What sorts of benefits do you receive from your employer that aren’t included in your take-home pay or on your income tax returns? We don’t all have “free” cafeterias and laundry and fitness facilities, like Google. If you do have these kinds of amenities, how do you assess their value in terms of your overall compensation? Setting these cultural amenities aside for now*, probably most of us have health care that is covered, at least in part, by our employers.
In this week’s EconTalk episode, the Mercatus Center’s Mark Warshawsky talks about this “perk” of employment, and how it may be drastically affecting the way we look at income inequality. While compensation packages have long been greater than the take-home pay to which they’re attached, they’ve also long been much less visible. But a new wrinkle has been added in recent years. Warshawsky notes that the cost of health insurance to employers has tripled in just the last fifteen years. This means that the total cost of an individual’s employment to the employer has greatly increased, even if their productivity has remained flat. This means lower-income workers are receiving a greater proportion of their total compensation in the form of benefits.

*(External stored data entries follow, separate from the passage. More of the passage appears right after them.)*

lemma right_inverse_on_symmetric:
  fixes M G :: "'a \<Rightarrow> 'a \<Rightarrow> real"
  assumes fin: "finite B" and sym: "\<And>y z. M y z = M z y"
    and inv: "\<And>x y. x \<in> B \<Longrightarrow> y \<in> B \<Longrightarrow> (\<Sum>z\<in>B. M x z * G z y) = (if x = y then 1 else 0)"
    and "a \<in> B" "b \<in> B"
  shows "G a b = G b a"
proof -
  have "G a b = (\<Sum>y\<in>B. if y = a then G y b else 0)"
    using fin \<open>a \<in> B\<close> by simp
  also have "\<dots> = (\<Sum>y\<in>B. (\<Sum>z\<in>B. M y z * G z a) * G y b)"
    using inv \<open>a \<in> B\<close> by (intro sum.cong) auto
  also have "\<dots> = (\<Sum>y\<in>B. \<Sum>z\<in>B. G z a * (M z y * G y b))"
    unfolding sum_distrib_right by (intro sum.cong refl) (simp add: sym mult_ac)
  also have "\<dots> = (\<Sum>z\<in>B. G z a * (\<Sum>y\<in>B. M z y * G y b))"
    by (subst sum.swap) (simp add: sum_distrib_left)
  also have "\<dots> = (\<Sum>z\<in>B. if z = b then G z a else 0)"
    using inv \<open>b \<in> B\<close> by (intro sum.cong) auto
  also have "\<dots> = G b a"
    using fin \<open>b \<in> B\<close> by simp
  finally show ?thesis .
qed

section \<open>Green's function of a finite set\<close>

lemma dir_lap_symmetric: "dir_lap W y z = dir_lap W z y"
  by (auto simp: dir_lap_def abs_minus_commute)

locale band_domain =
  fixes B :: "int set" and W :: int
  assumes finite_domain: "finite B" and band_width: "1 \<le> W"
begin

abbreviation G :: "int \<Rightarrow> int \<Rightarrow> real" where
  "G \<equiv> mat_inv_on B (dir_lap W)"

lemma dirichlet_lap_green:
  assumes "y \<in> B" "\<eta> \<in> B"
  shows "dirichlet_lap B W (\<lambda>z. G z \<eta>) y = (if y = \<eta> then 1 else 0)"
  unfolding dirichlet_lap_def
  using assms dirichlet_lap_injective[OF finite_domain band_width]
  by (intro mat_inv_on_right_inverse[OF finite_domain]) (auto simp: dirichlet_lap_def)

Warshawsky argues that when income inequality is being analyzed, studies tend to focus on income data, or take-home pay, thereby overestimating, or at least distorting, the degree of inequality.

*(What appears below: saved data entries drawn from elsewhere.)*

definition wall_valid :: "pt \<Rightarrow> wall \<Rightarrow> bool" where
  "wall_valid F w = (case w of
      Ellipse F' d \<Rightarrow> dist F F' < d
    | HypBranch F' d \<Rightarrow> d \<noteq> 0 \<and> \<bar>d\<bar> < dist F F'
    | Parabola nv h \<Rightarrow> norm nv = 1 \<and> F \<bullet> nv \<noteq> h)"

definition wall_set :: "pt \<Rightarrow> wall \<Rightarrow> pt set" where
  "wall_set F w = (case w of
      Ellipse F' d \<Rightarrow> {P. dist P F + dist P F' = d}
    | HypBranch F' d \<Rightarrow> {P. dist P F - dist P F' = d}
    | Parabola nv h \<Rightarrow> {P. dist P F = \<bar>P \<bullet> nv - h\<bar>})"

text \<open>A normal vector of the wall at a point P of it: the gradient of the defining function
  (P \<mapsto> dist P F + dist P F', dist P F - dist P F', dist P F - abs (P \<bullet> nv - h)).\<close>
definition wall_normal :: "pt \<Rightarrow> wall \<Rightarrow> pt \<Rightarrow> pt" where
  "wall_normal F w P = (case w of
      Ellipse F' d \<Rightarrow> sgn (P - F) + sgn (P - F')
    | HypBranch F' d \<Rightarrow> sgn (P - F) - sgn (P - F')
    | Parabola nv h \<Rightarrow> sgn (P - F) - sgn (P \<bullet> nv - h) *\<^sub>R nv)"

definition reflect_tangent :: "pt \<Rightarrow> pt \<Rightarrow> pt" where
  "reflect_tangent nu v = v - (2 * (v \<bullet> nu) / (nu \<bullet> nu)) *\<^sub>R nu"

definition kepler_acc :: "real \<Rightarrow> pt \<Rightarrow> pt \<Rightarrow> pt" where
  "kepler_acc mu F x = - (mu / norm (x - F) ^ 3) *\<^sub>R (x - F)"

definition kepler_energy :: "real \<Rightarrow> pt \<Rightarrow> pt \<Rightarrow> pt \<Rightarrow> real" where
  "kepler_energy mu F x v = norm v ^ 2 / 2 - mu / norm (x - F)"

definition ang_mom :: "pt \<Rightarrow> pt \<Rightarrow> pt \<Rightarrow> real" where
  "ang_mom F x v = (x - F) $ 1 * v $ 2 - (x - F) $ 2 * v $ 1"

definition second_focus :: "pt \<Rightarrow> real \<Rightarrow> pt set \<Rightarrow> pt \<Rightarrow> bool" where
  "second_focus F E S G =
     ((E < 0 \<and> (\<exists>a>0. \<forall>P\<in>S. dist P F + dist P G = 2 * a)) \<or>
      (E > 0 \<and> (\<exists>a>0. \<forall>P\<in>S. \<bar>dist P F - dist P G\<bar> = 2 * a)))"

definition kepler_billiard_traj ::
  "real \<Rightarrow> pt \<Rightarrow> wall \<Rightarrow> nat \<Rightarrow> (nat \<Rightarrow> real) \<Rightarrow> (nat \<Rightarrow> real \<Rightarrow> pt) \<Rightarrow> (nat \<Rightarrow> real \<Rightarrow> pt) \<Rightarrow> bool"
where
  "kepler_billiard_traj mu F w n t x v \<longleftrightarrow>
     (\<forall>i\<le>n. t i < t (Suc i) \<and>
        (\<forall>s\<in>{t i..t (Suc i)}. x i s \<noteq> F \<and>
           (x i has_vector_derivative v i s) (at s within {t i..t (Suc i)}) \<and>
           (v i has_vector_derivative kepler_acc mu F (x i s)) (at s within {t i..t (Suc i)}))) \<and>
     (\<forall>i\<in>{1..n}. x (i - 1) (t i) = x i (t i) \<and> x i (t i) \<in> wall_set F w \<and>
        v i (t i) = reflect_tangent (wall_normal F w (x i (t i))) (v (i - 1) (t i)))"

end

theory Submission
  imports Defs
begin

(* On a Kepler arc with energy E and angular momentum L \<noteq> 0, differentiating the focal equation
   |P - G| = |k - |P - F|| twice along the motion shows that the second focus G is given by the
   Laplace-Runge-Lenz vector A of the arc: E (G - F) = A, with E \<noteq> 0. At a point x of the arc with
   velocity v, the quantities E^2 |G - Q|^2 and E (G - F).d therefore depend on v only through E and
   the products L L_Q, resp. L (d \<times> v), where L_Q is the angular momentum about Q. An elastic
   reflection at x keeps E, and reflection in the tangent line of a conic with foci F and F' swaps,
   up to sign, the unit vectors from x towards the two foci; hence it preserves L L_F', and for a
   parabola with axis nv it preserves L (nv \<times> v). So |G_i - F'|, resp. G_i.nv, is the same for all arcs. *)

section \<open>Planar cross product\<close>

definition cross2 :: "pt \<Rightarrow> pt \<Rightarrow> real" where
  "cross2 a b = a$1 * b$2 - a$2 * b$1"

lemma inner_real2: "a \<bullet> b = a$1 * b$1 + a$2 * b$2" for a b :: pt
  by (simp add: inner_vec_def sum_2)

lemma norm_real2_squared: "(norm a)\<^sup>2 = (a$1)\<^sup>2 + (a$2)\<^sup>2" for a :: pt
  unfolding power2_norm_eq_inner inner_real2 by (simp add: power2_eq_square)

lemma cross2_scaleR_left [simp]: "cross2 (c *\<^sub>R a) b = c * cross2 a b"
  by (simp add: cross2_def algebra_simps)

lemma cross2_zero_left [simp]: "cross2 0 b = 0"
  by (simp add: cross2_def)

lemma cross2_minus_left [simp]: "cross2 (- a) b = - cross2 a b"
  by (simp add: cross2_def)

lemma cross2_norm_sgn_left: "cross2 a b = norm a * cross2 (sgn a) b"
  by (cases "a = 0") (simp_all add: sgn_div_norm)

lemma cross2_squared: "(cross2 a b)\<^sup>2 = (norm a)\<^sup>2 * (norm b)\<^sup>2 - (a \<bullet> b)\<^sup>2"
  unfolding cross2_def norm_real2_squared inner_real2 by algebra

lemma ang_mom_eq_cross2: "ang_mom F x v = cross2 (x - F) v"
  by (simp add: ang_mom_def cross2_def)

lemma eq_if_inner_eq_cross2_nonzero:
  assumes "cross2 p q \<noteq> 0" and "x \<bullet> p = y \<bullet> p" and "x \<bullet> q = y \<bullet> q"
  shows "x = y"
proof -
  define d where "d = x - y"
  have "d \<bullet> p = 0" "d \<bullet> q = 0"
    using assms(2,3) by (simp_all add: d_def inner_diff_left)
  then have "cross2 p q * d$1 = 0" "cross2 p q * d$2 = 0"
    by (simp_all add: inner_real2 cross2_def) algebra+
  then have "d = 0"
    using assms(1) by (simp add: vec_eq_iff forall_2)
  then show ?thesis
    by (simp add: d_def)
qed

section \<open>Reflection in a tangent line\<close>

lemma reflect_tangent_zero [simp]: "reflect_tangent 0 v = v"
  by (simp add: reflect_tangent_def)

lemma reflect_tangent_scaleR:
  "c \<noteq> 0 \<Longrightarrow> reflect_tangent (c *\<^sub>R nu) = reflect_tangent nu"
  by (auto simp: reflect_tangent_def fun_eq_iff field_simps)

lemma norm_reflect_tangent [simp]: "norm (reflect_tangent nu v) = norm v"
proof (cases "nu = 0")
  case False
  then have "(norm (reflect_tangent nu v))\<^sup>2 = (norm v)\<^sup>2"
    unfolding power2_norm_eq_inner reflect_tangent_def
    by (simp add: inner_diff_left inner_diff_right inner_commute field_simps power2_eq_square)
  then show ?thesis
    by simp
qed simp

lemma reflect_tangent_reflect_tangent [simp]:
  "reflect_tangent nu (reflect_tangent nu v) = v"
proof (cases "nu = 0")
  case False
  then show ?thesis
    by (simp add: reflect_tangent_def inner_diff_left field_simps)
qed simp

lemma cross2_reflect_tangent:
  assumes "nu \<noteq> 0"
  shows "cross2 (reflect_tangent nu a) (reflect_tangent nu b) = - cross2 a b"
proof -
  define N where "N = nu \<bullet> nu"
  have "N \<noteq> 0"
    using assms by (simp add: N_def)
  have "cross2 (reflect_tangent nu a) (reflect_tangent nu b)
      = cross2 a b - 2 / N * ((b \<bullet> nu) * cross2 a nu + (a \<bullet> nu) * cross2 nu b)"
    by (simp add: reflect_tangent_def N_def cross2_def algebra_simps)
  also have "(b \<bullet> nu) * cross2 a nu + (a \<bullet> nu) * cross2 nu b = N * cross2 a b"
    unfolding N_def cross2_def inner_real2 by algebra
  finally show ?thesis
    using \<open>N \<noteq> 0\<close> by simp
qed

lemma reflect_tangent_unit_bisector:
  assumes "norm a = 1" "norm b = 1" "e\<^sup>2 = 1"
  shows "reflect_tangent (a + e *\<^sub>R b) a = - e *\<^sub>R b"
proof (cases "a + e *\<^sub>R b = 0")
  case True
  then show ?thesis
    by (simp add: eq_neg_iff_add_eq_0)
next
  case False
  have "a \<bullet> a = 1" "b \<bullet> b = 1"
    using assms(1,2) by (simp_all add: norm_eq_1)
  then have "(a + e *\<^sub>R b) \<bullet> (a + e *\<^sub>R b) = 2 * (a \<bullet> (a + e *\<^sub>R b))"
    using assms(3) by (simp add: inner_add inner_commute power2_eq_square)
  moreover have "(a + e *\<^sub>R b) \<bullet> (a + e *\<^sub>R b) \<noteq> 0"
    using False by simp
  ultimately show ?thesis
    by (simp add: reflect_tangent_def inner_commute[of a])
qed

lemma cross2_reflect_tangent_unit_bisector:
  assumes "norm a = 1" "norm b = 1" "e\<^sup>2 = 1" "a + e *\<^sub>R b \<noteq> 0"
  shows "cross2 a (reflect_tangent (a + e *\<^sub>R b) u) = e * cross2 b u"
proof -
  let ?R = "reflect_tangent (a + e *\<^sub>R b)"
  have "cross2 a (?R u) = cross2 (?R (?R a)) (?R u)"
    by simp
  also have "\<dots> = - cross2 (?R a) u"
    using assms(4) by (rule cross2_reflect_tangent)
  also have "\<dots> = e * cross2 b u"
    using assms(1-3) by (simp add: reflect_tangent_unit_bisector)
  finally show ?thesis .
qed

(* At a point P of a conic with foci P - p and P - q, the normal is sgn p + sgn q or sgn p - sgn q. *)
lemma cross2_product_reflect_tangent:
  fixes p q u :: pt
  assumes e: "e\<^sup>2 = 1"
  defines "R \<equiv> reflect_tangent (sgn p + e *\<^sub>R sgn q)"
  shows "cross2 p (R u) * cross2 q (R u) = cross2 p u * cross2 q u"
proof (cases "p = 0 \<or> q = 0 \<or> sgn p + e *\<^sub>R sgn q = 0")
  case True
  then show ?thesis
    by (auto simp: R_def)
next
  case False
  then have unit: "norm (sgn p) = 1" "norm (sgn q) = 1" and nu: "sgn p + e *\<^sub>R sgn q \<noteq> 0"
    by (auto simp: norm_sgn)
  have swap: "sgn p + e *\<^sub>R sgn q = e *\<^sub>R (sgn q + e *\<^sub>R sgn p)"
    using e by (simp add: algebra_simps power2_eq_square)
  then have nu': "sgn q + e *\<^sub>R sgn p \<noteq> 0"
    using nu by auto
  have "e \<noteq> 0"
    using e by auto
  with swap have R_swap: "R = reflect_tangent (sgn q + e *\<^sub>R sgn p)"
    by (simp add: R_def reflect_tangent_scaleR)
  have "cross2 p (R u) = norm p * (e * cross2 (sgn q) u)"
    using cross2_reflect_tangent_unit_bisector[OF unit e nu]
    by (subst cross2_norm_sgn_left) (simp add: R_def)
  moreover have "cross2 q (R u) = norm q * (e * cross2 (sgn p) u)"
    using cross2_reflect_tangent_unit_bisector[OF unit(2,1) e nu']
    by (subst cross2_norm_sgn_left) (simp add: R_swap)
  ultimately show ?thesis
    using e by (simp add: cross2_norm_sgn_left[of p u] cross2_norm_sgn_left[of q u] power2_eq_square)
qed

section \<open>The Laplace-Runge-Lenz vector\<close>

(* The Laplace-Runge-Lenz vector v \<times> L - mu (x - F) / |x - F| of the planar Kepler problem. *)
definition lrl_vector :: "real \<Rightarrow> pt \<Rightarrow> pt \<Rightarrow> pt \<Rightarrow> pt" where
  "lrl_vector mu F x v = ang_mom F x v *\<^sub>R vector [v$2, - v$1] - mu *\<^sub>R sgn (x - F)"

But how are we to shift from comparisons of income to comparisons of compensation? And what’s the best way to evaluate workers’ level of well-being? Tricky questions- both philosophically and politically.
* One of host Russ Roberts’s biggest questions is the effect of mandating benefits- whether legislatively or culturally- for employees. There’s no such thing as a free lunch, after all.
READER COMMENTS
Hazel Meade
Jan 5 2017 at 2:34pm
I think an interesting angle on this subject is no so much the effect on inequality measures, but that the lower income worker who receives a larger percentage of pay in the form of health insurance is effectively being FORCED to spend a larger percentage of their total compensation on health care. What would those workers spend the money on if they didn’t have to buy the employer-selected health care plan?

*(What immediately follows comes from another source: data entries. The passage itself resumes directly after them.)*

lemma cross_ratio_eq_1:
  assumes "a \<noteq> b" "b \<noteq> c" "a \<noteq> c" "v \<noteq> Some c" "cross_ratio a b c v = 1"
  shows "v = Some b"
proof (cases v)
  case None
  then show ?thesis
    using assms by (simp add: cross_ratio_def field_simps)
next
  case (Some w)
  then have "(b - c) * (w - a) = (b - a) * (w - c)"
    using assms by (simp add: cross_ratio_def field_simps)
  then have "(a - c) * (w - b) = 0"
    by (simp add: algebra_simps)
  then show ?thesis
    using Some assms(3) by simp
qed

lemma cross_ratio_has_field_derivative:
  assumes "z \<noteq> c"
  shows "((\<lambda>w. cross_ratio a b c (Some w)) has_field_derivative
           (b - c) / (b - a) * ((a - c) / (z - c)\<^sup>2)) (at z)"
proof -
  have "((\<lambda>w. (b - c) / (b - a) * ((w - a) / (w - c))) has_field_derivative
          (b - c) / (b - a) * ((1 * (z - c) - (z - a) * 1) / ((z - c) * (z - c)))) (at z)"
    using assms by (intro DERIV_cmult DERIV_divide derivative_eq_intros) auto
  then show ?thesis
    using assms by (simp add: cross_ratio_def power2_eq_square algebra_simps)
qed

lemma inv_chart_ne_Some:
  assumes "inv_chart v \<noteq> Some c"
  shows "1 - c * v \<noteq> 0"
proof
  assume "1 - c * v = 0"
  then have "v \<noteq> 0"
    by auto
  moreover from this have "c = 1 / v"
    using \<open>1 - c * v = 0\<close> by (simp add: field_simps)
  ultimately show False
    using assms by (simp add: inv_chart_def)
qed

lemma cross_ratio_inv_chart:
  assumes "1 - c * v \<noteq> 0"
  shows "cross_ratio a b c (inv_chart v) = (b - c) / (b - a) * ((1 - a * v) / (1 - c * v))"
proof (cases "v = 0")
  case False
  then have "(1 / v - a) / (1 / v - c) = (1 - a * v) / (1 - c * v)"
    using assms by (simp add: field_simps)
  then show ?thesis
    using False by (simp add: inv_chart_def cross_ratio_def)
qed (simp add: inv_chart_def cross_ratio_def)

lemma cross_ratio_chart_holomorphic:
  assumes "\<phi> holomorphic_on S" "\<And>z. z \<in> S \<Longrightarrow> sph_chart bb (\<phi> z) \<noteq> Some c"
  shows "(\<lambda>z. cross_ratio a b c (sph_chart bb (\<phi> z))) holomorphic_on S"
proof (cases bb)
  case True
  then have "\<phi> z \<noteq> c" if "z \<in> S" for z
    using assms(2)[OF that] by (simp add: sph_chart_def)
  then have "(\<lambda>z. (b - c) / (b - a) * ((\<phi> z - a) / (\<phi> z - c))) holomorphic_on S"
    using assms(1) by (intro holomorphic_intros) auto
  then show ?thesis
    using True by (simp add: sph_chart_def cross_ratio_def)
next
  case False
  then have ne: "1 - c * \<phi> z \<noteq> 0" if "z \<in> S" for z
    using assms(2)[OF that] inv_chart_ne_Some by (simp add: sph_chart_def)
  then have "(\<lambda>z. (b - c) / (b - a) * ((1 - a * \<phi> z) / (1 - c * \<phi> z))) holomorphic_on S"
    using assms(1) by (intro holomorphic_intros) auto
  then show ?thesis
    by (rule holomorphic_transform) (use False ne in \<open>simp add: sph_chart_def cross_ratio_inv_chart\<close>)
qed

lemma cross_ratio_holomorphic:
  assumes "\<And>z. z \<in> S \<Longrightarrow> sph_holomorphic_at F z" "open S" "\<And>z. z \<in> S \<Longrightarrow> F z \<noteq> Some c"
  shows "(\<lambda>z. cross_ratio a b c (F z)) holomorphic_on S"
proof -
  have "(\<lambda>z. cross_ratio a b c (F z)) field_differentiable at z0" if z0: "z0 \<in> S" for z0
  proof -
    obtain \<rho>1 \<phi> bb where "\<rho>1 > 0" "\<phi> holomorphic_on ball z0 \<rho>1"
      and F: "\<forall>z\<in>ball z0 \<rho>1. F z = sph_chart bb (\<phi> z)"
      using assms(1)[OF z0] unfolding sph_holomorphic_at_def by blast
    obtain \<rho>2 where "\<rho>2 > 0" "ball z0 \<rho>2 \<subseteq> S"
      using assms(2) z0 openE by blast
    define B where "B = ball z0 (min \<rho>1 \<rho>2)"
    have B: "z \<in> ball z0 \<rho>1" "z \<in> S" if "z \<in> B" for z
      using that \<open>ball z0 \<rho>2 \<subseteq> S\<close> by (auto simp: B_def)
    have "(\<lambda>z. cross_ratio a b c (sph_chart bb (\<phi> z))) holomorphic_on B"
    proof (rule cross_ratio_chart_holomorphic)
      show "\<phi> holomorphic_on B"
        by (rule holomorphic_on_subset[OF \<open>\<phi> holomorphic_on _\<close>]) (use B(1) in blast)
      show "sph_chart bb (\<phi> z) \<noteq> Some c" if "z \<in> B" for z
        using F assms(3) B[OF that] by metis
    qed
    then have "(\<lambda>z. cross_ratio a b c (F z)) holomorphic_on B"
      by (rule holomorphic_transform) (use F B in simp)
    then show ?thesis
      using \<open>\<rho>1 > 0\<close> \<open>\<rho>2 > 0\<close> by (intro holomorphic_on_imp_differentiable_at) (auto simp: B_def)
  qed
  then show ?thesis
    using assms(2) by (simp add: holomorphic_on_open field_differentiable_def)
qed

lemma cross_ratio_estimates:
  assumes "\<mu> > 0" "\<mu> \<le> cmod (b - a)" "\<mu> \<le> cmod (b - c)" "\<mu> \<le> cmod (a - c)" "\<mu> / 2 \<le> cmod (z - c)"
    and "cmod a \<le> R" "cmod b \<le> R" "cmod c \<le> R" "cmod z \<le> R"
  shows "cmod (cross_ratio a b c (Some z)) \<le> 8 * R\<^sup>2 / \<mu>\<^sup>2"
    and "\<mu>\<^sup>2 / (8 * R ^ 3) \<le> cmod ((b - c) / (b - a) * ((a - c) / (z - c)\<^sup>2))"
proof -
  have diam: "cmod (u - v) \<le> 2 * R" if "cmod u \<le> R" "cmod v \<le> R" for u v
    using norm_triangle_ineq4[of u v] that by linarith
  have "R > 0"
    using diam[OF assms(7,6)] assms(1,2) by linarith
  have "cmod (cross_ratio a b c (Some z)) = cmod (b - c) / cmod (b - a) * (cmod (z - a) / cmod (z - c))"
    by (simp add: cross_ratio_def norm_mult norm_divide)
  also have "\<dots> \<le> (2 * R / \<mu>) * (2 * R / (\<mu> / 2))"
  proof (rule mult_mono)
    show "cmod (b - c) / cmod (b - a) \<le> 2 * R / \<mu>"
      by (rule frac_le) (use diam assms \<open>R > 0\<close> in auto)
    show "cmod (z - a) / cmod (z - c) \<le> 2 * R / (\<mu> / 2)"
      by (rule frac_le) (use diam assms \<open>R > 0\<close> in auto)
  qed (use \<open>R > 0\<close> assms(1) in auto)
  also have "\<dots> = 8 * R\<^sup>2 / \<mu>\<^sup>2"
    by (simp add: power2_eq_square)
  finally show "cmod (cross_ratio a b c (Some z)) \<le> 8 * R\<^sup>2 / \<mu>\<^sup>2" .
  have "\<mu>\<^sup>2 / (8 * R ^ 3) = (\<mu> / (2 * R)) * (\<mu> / (2 * R)\<^sup>2)"
    by (simp add: power2_eq_square power3_eq_cube)
  also have "\<dots> \<le> cmod (b - c) / cmod (b - a) * (cmod (a - c) / (cmod (z - c))\<^sup>2)"
  proof (rule mult_mono)
    show "\<mu> / (2 * R) \<le> cmod (b - c) / cmod (b - a)"
      by (rule frac_le) (use diam assms in auto)
    have "(cmod (z - c))\<^sup>2 \<le> (2 * R)\<^sup>2"
      using diam[OF assms(9,8)] by (intro power_mono) auto
    then show "\<mu> / (2 * R)\<^sup>2 \<le> cmod (a - c) / (cmod (z - c))\<^sup>2"
      by (intro frac_le) (use assms in auto)
  qed (use \<open>R > 0\<close> assms(1) in auto)
  also have "\<dots> = cmod ((b - c) / (b - a) * ((a - c) / (z - c)\<^sup>2))"
    by (simp add: norm_mult norm_divide norm_power)
  finally show "\<mu>\<^sup>2 / (8 * R ^ 3) \<le> cmod ((b - c) / (b - a) * ((a - c) / (z - c)\<^sup>2))" .
qed

lemma half_distance_to_one_of_two:
  assumes "\<mu> \<le> cmod (c1 - c2)"
  shows "\<mu> / 2 \<le> cmod (z - c1) \<or> \<mu> / 2 \<le> cmod (z - c2)"
proof -
  have "dist c1 c2 \<le> dist c1 z + dist z c2"
    by (rule dist_triangle)
  then show ?thesis
    using assms by (simp add: dist_norm norm_minus_commute) linarith
qed

lemma poly_other_root:
  fixes P :: "complex poly"
  assumes "degree P \<ge> 2" "poly P c = 0" "poly (pderiv P) c \<noteq> 0"
  obtains c' where "c' \<noteq> c" "poly P c' = 0"
proof -
  obtain Q where Q: "P = [:-c, 1:] * Q"
    using assms(2) poly_eq_0_iff_dvd by blast
  have "Q \<noteq> 0"
    using Q assms(1) by auto
  then have "degree P = 1 + degree Q"
    unfolding Q by (subst degree_mult_eq) auto
  then obtain c' where c': "poly Q c' = 0"
    using alg_closed_imp_poly_has_root[of Q] assms(1) by auto
  have "pderiv P = [:-c, 1:] * pderiv Q + Q * pderiv [:-c, 1:]"
    unfolding Q by (rule pderiv_mult)
  then have "poly (pderiv P) c = poly Q c"
    by (simp add: pderiv_pCons)
  then have "c' \<noteq> c"
    using assms(3) c' by auto
  then show ?thesis
    using that Q c' by simp
qed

Would they purchase a less expensive health insurance option? Would they waste the money on booze and drugs? How would ending the employer-based health insurance system change their behavior? Are we “nudging” lower-income workers into buying something they ought to have or are we paternalistically deciding what they should spend their money on?
ZC
Jan 5 2017 at 3:23pm
@Hazel
If the lower income worker wasn’t ‘forced’ to pay for health insurance, they likely wouldn’t pay for it. Then they’d still show up at the hospital when they needed healthcare while uninsured, placing themselves at financial peril and likely resulting in socialization of their unreimbursed heath care costs. Tragedy of the commons.
Silas Barta
Jan 6 2017 at 7:33pm
A few points:
1) If the cost of my employer-provided-health-insurance’s is going up, that doesn’t mean my real income is higher; it’s means I’m paying more for the same care. Unless the quality of that insurance/coverage is going up, which most people do not see.
2) There are taxes that *majorly* distort which benefits make sense to provide for employees; the free company cafeteria one is a case of particularly egregious distortions.
For some reason, free company cafeterias are still deductible as an expense but don’t have to be counted as employee income, so it’s effectively paid for with pre-tax dollars. When you consider:
a) the high taxes on (and incomes of) Google employees,
b) the sales tax that’s avoided
c) the bulk discounts
d) the inconvenience for the employee to procure it themselves
… then Google is effectively able to provide 40 cents of food to the employee, for 40 cents, when that employee would have to earn $1 to buy it on their own. Talk about incentive!
To be sure, c) and d) aren’t related to taxes, but taxes sure push really hard on this one!
Sebastian H
Jan 6 2017 at 9:46pm
“This means lower-income workers are receiving a greater proportion of their total compensation in the form of benefits.”
It doesn’t mean that because a large portion of lower income workers didn’t get health care benefits. Especially under the ore Obamacare rules.
You must mean middle income workers?